Минут через пять вернулся и уже прямо к окошку подошёл, стоит и поскуливает, ждёт.

– Ой-ой! – говорит Коля. – Какой умный! Давай ещё кинем!

– Кидать так кидать! – говорю.

И ещё кинули. Медведь даже на лету поймал – и прочь. Но тут мы всё-таки устали, и сморило нас в сон. Может, медведь снова приходил, но мы не слыхали, спали крепко.

На еловом ручье

В феврале на севере, на Белом море, начинается зверобойный промысел. Его поморы называют ещё зверобойкой.

Из Архангельска в море выходят ледоколы. На мачтах, на особых удобных площадках, сидят люди с биноклями, осматривают льдины, и как заметят на льдине чёрные пятнышки тюленей, так ледокол останавливается, зверобои сходят на лёд и начинают охотиться на тюленей.

Но не только с ледоколов охотятся на тюленей, а и с берега. В самых глухих местах стоят на берегу зверобойные избушки, в горах, в лесистых ущельях, возле ручьёв. Летом избушки эти пусты, никто в них не живёт. А с начала февраля поселяются там зверобои бригадами и ждут появления тюленей.

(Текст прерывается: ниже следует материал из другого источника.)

lemma fps_XD_arcsinh_deriv_fps:
  "fps_XD arcsinh_deriv_fps = arcsinh_deriv_fps ^ 3 - arcsinh_deriv_fps"
proof -
  let ?w = arcsinh_deriv_fps
  have "fps_XD (?w ^ 2 * (1 + fps_X ^ 2)) = 0"
    by (simp add: arcsinh_deriv_fps_sq fps_XD_1)
  then have "2 * (?w * fps_XD ?w * (1 + fps_X ^ 2) + fps_X ^ 2 * ?w ^ 2) = 0"
    by (simp add: fps_XD_simps fps_XD_fps_X_power power2_eq_square algebra_simps)
  then have "?w * fps_XD ?w * (1 + fps_X ^ 2) + fps_X ^ 2 * ?w ^ 2 = 0"
    by (metis mult_eq_0_iff zero_neq_numeral)
  then have cross: "?w * fps_XD ?w * (1 + fps_X ^ 2) = - (fps_X ^ 2 * ?w ^ 2)"
    by (simp add: eq_neg_iff_add_eq_0)
  have "fps_XD ?w = fps_XD ?w * (?w ^ 2 * (1 + fps_X ^ 2))"
    by (simp add: arcsinh_deriv_fps_sq)
  also have "\<dots> = ?w * (?w * fps_XD ?w * (1 + fps_X ^ 2))"
    by algebra
  also have "\<dots> = - ?w * (fps_X ^ 2 * ?w ^ 2)"
    unfolding cross by algebra
  also have "\<dots> = ?w ^ 3 - ?w"
    unfolding fps_X_sq_arcsinh_deriv_fps_sq by algebra
  finally show ?thesis .
qed

lemma arcsinh_deriv_fps_ode:
  "(1 + fps_X ^ 2) * fps_XD arcsinh_deriv_fps = fps_const (-1) * fps_X ^ 2 * arcsinh_deriv_fps"
proof -
  have "(1 + fps_X ^ 2) * fps_XD arcsinh_deriv_fps
      = arcsinh_deriv_fps * (arcsinh_deriv_fps ^ 2 * (1 + fps_X ^ 2)) - (1 + fps_X ^ 2) * arcsinh_deriv_fps"
    unfolding fps_XD_arcsinh_deriv_fps by algebra
  also have "\<dots> = - (fps_X ^ 2 * arcsinh_deriv_fps)"
    unfolding arcsinh_deriv_fps_sq by algebra
  finally show ?thesis
    by (simp add: fps_const_neg [symmetric])
qed

lemma arcsinh_fps_nth_even: "arcsinh_fps $ (2*k) = 0"
proof (cases k)
  case (Suc p)
  have "arcsinh_deriv_fps $ (2*p+1) = 0"
    by (rule fps_ode_nth_odd[OF arcsinh_deriv_fps_ode])
  then show ?thesis
    using Suc by (simp add: arcsinh_deriv_fps_def del: of_nat_add)
qed simp

definition cauchy2_egf :: "real fps" where
  "cauchy2_egf = inverse (fps_shift 1 arcsinh_fps)"

lemma cauchy2_egf_nth_even: "cauchy2_egf $ (2*n) = cauchy2 n / fact (2*n)"
  by (simp add: cauchy2_def cauchy2_egf_def)

lemma cauchy2_egf_nth_odd: "cauchy2_egf $ (2*k+1) = 0"
  unfolding cauchy2_egf_def
  by (rule fps_inverse_nth_odd_eq_0) (simp_all add: arcsinh_fps_nth_even[of "Suc _", simplified])

lemma cauchy2_egf_mult_arcsinh_fps: "cauchy2_egf * arcsinh_fps = fps_X"
proof -
  have "arcsinh_fps = fps_shift 1 arcsinh_fps * fps_X"
    by (rule fps_ext) (simp add: fps_X_mult_right_nth)
  moreover have "cauchy2_egf * fps_shift 1 arcsinh_fps = 1"
    unfolding cauchy2_egf_def by (rule inverse_mult_eq_1) simp
  ultimately show ?thesis
    by (metis mult.assoc mult_1)
qed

Одна такая маленькая избушка стояла на Еловом ручье, и вот какой однажды случай вышел. Встали как-то утром зверобои, включили радио, затопили печку, стали греть чай. Посмотрел один из них в окошко и закричал:

– Ребята, тюлени!

Выскочили зверобои из избушки, кто в чём был, с винтовками, глядят – на льду, недалеко от берега, целое стадо тюленей. Поднялась тут частая стрельба, все торопятся: тюлень – зверь чуткий, пугливый, после первых же выстрелов спешит уйти в воду. И хоть законом строго запрещено убивать самок тюленей, у которых маленькие детёныши есть, но в спешке бывали случаи, что и убивали.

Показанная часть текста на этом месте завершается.